▶ [Work request] Work through the records below, line by line, and say how many lines include "definition", with nothing else.

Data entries
====

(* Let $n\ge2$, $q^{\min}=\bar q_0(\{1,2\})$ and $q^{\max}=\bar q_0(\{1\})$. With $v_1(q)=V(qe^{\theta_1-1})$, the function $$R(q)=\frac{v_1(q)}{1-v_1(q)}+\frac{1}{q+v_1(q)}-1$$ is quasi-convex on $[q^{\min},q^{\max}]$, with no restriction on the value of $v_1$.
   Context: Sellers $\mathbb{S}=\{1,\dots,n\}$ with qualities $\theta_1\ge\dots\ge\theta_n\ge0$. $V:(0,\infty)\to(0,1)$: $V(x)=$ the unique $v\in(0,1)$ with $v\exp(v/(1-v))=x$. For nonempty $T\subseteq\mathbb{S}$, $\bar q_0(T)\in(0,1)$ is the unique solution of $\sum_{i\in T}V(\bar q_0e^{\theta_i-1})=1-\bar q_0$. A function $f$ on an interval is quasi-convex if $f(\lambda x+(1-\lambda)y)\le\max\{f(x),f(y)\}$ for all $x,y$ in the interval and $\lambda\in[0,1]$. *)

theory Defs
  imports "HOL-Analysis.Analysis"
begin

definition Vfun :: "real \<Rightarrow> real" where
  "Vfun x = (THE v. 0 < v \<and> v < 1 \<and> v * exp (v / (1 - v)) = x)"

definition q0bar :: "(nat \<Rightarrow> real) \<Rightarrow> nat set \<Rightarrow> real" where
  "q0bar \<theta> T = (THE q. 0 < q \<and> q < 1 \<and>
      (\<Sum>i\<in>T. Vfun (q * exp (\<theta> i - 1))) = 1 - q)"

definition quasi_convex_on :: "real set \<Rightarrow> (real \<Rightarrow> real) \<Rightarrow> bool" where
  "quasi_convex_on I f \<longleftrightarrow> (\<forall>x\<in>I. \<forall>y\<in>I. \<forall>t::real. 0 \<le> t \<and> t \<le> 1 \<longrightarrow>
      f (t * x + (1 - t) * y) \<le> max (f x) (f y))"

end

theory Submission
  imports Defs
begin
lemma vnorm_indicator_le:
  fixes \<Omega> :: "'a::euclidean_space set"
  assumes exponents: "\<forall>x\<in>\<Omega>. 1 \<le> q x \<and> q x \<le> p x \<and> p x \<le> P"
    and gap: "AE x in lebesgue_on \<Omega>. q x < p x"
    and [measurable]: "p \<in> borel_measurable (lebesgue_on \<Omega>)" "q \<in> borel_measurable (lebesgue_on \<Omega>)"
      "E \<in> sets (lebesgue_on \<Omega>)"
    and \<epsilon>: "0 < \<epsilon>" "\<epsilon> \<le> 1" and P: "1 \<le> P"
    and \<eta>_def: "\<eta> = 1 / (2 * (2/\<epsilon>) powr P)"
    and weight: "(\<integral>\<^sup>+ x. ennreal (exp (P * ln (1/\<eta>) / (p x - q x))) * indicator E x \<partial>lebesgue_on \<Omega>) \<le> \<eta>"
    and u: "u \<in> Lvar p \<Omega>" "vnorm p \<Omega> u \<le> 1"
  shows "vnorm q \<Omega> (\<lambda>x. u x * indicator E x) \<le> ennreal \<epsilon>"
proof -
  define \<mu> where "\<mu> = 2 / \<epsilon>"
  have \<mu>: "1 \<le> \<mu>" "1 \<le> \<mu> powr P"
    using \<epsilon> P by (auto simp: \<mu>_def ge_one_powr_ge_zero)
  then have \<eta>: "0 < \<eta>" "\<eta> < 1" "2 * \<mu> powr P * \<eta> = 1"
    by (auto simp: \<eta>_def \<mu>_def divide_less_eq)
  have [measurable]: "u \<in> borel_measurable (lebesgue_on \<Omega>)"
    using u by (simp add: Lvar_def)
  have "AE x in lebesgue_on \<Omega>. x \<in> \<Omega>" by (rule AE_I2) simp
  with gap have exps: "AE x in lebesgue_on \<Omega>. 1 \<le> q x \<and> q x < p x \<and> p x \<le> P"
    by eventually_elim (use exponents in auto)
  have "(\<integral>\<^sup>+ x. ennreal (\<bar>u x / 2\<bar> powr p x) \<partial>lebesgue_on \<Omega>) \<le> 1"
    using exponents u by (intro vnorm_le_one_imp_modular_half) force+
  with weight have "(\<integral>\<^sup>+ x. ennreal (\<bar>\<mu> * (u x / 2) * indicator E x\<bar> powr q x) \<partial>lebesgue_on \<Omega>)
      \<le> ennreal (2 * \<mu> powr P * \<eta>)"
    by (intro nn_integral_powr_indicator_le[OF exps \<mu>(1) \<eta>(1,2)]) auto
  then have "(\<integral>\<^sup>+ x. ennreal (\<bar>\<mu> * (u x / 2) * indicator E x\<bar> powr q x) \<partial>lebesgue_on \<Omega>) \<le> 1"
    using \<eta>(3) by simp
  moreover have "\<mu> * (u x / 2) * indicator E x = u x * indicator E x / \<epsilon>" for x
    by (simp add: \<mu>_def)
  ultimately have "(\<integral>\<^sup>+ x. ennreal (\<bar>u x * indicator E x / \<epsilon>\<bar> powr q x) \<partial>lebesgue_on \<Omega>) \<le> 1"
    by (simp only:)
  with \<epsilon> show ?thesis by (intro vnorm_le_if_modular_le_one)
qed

====

▶ [Exercise solution] 3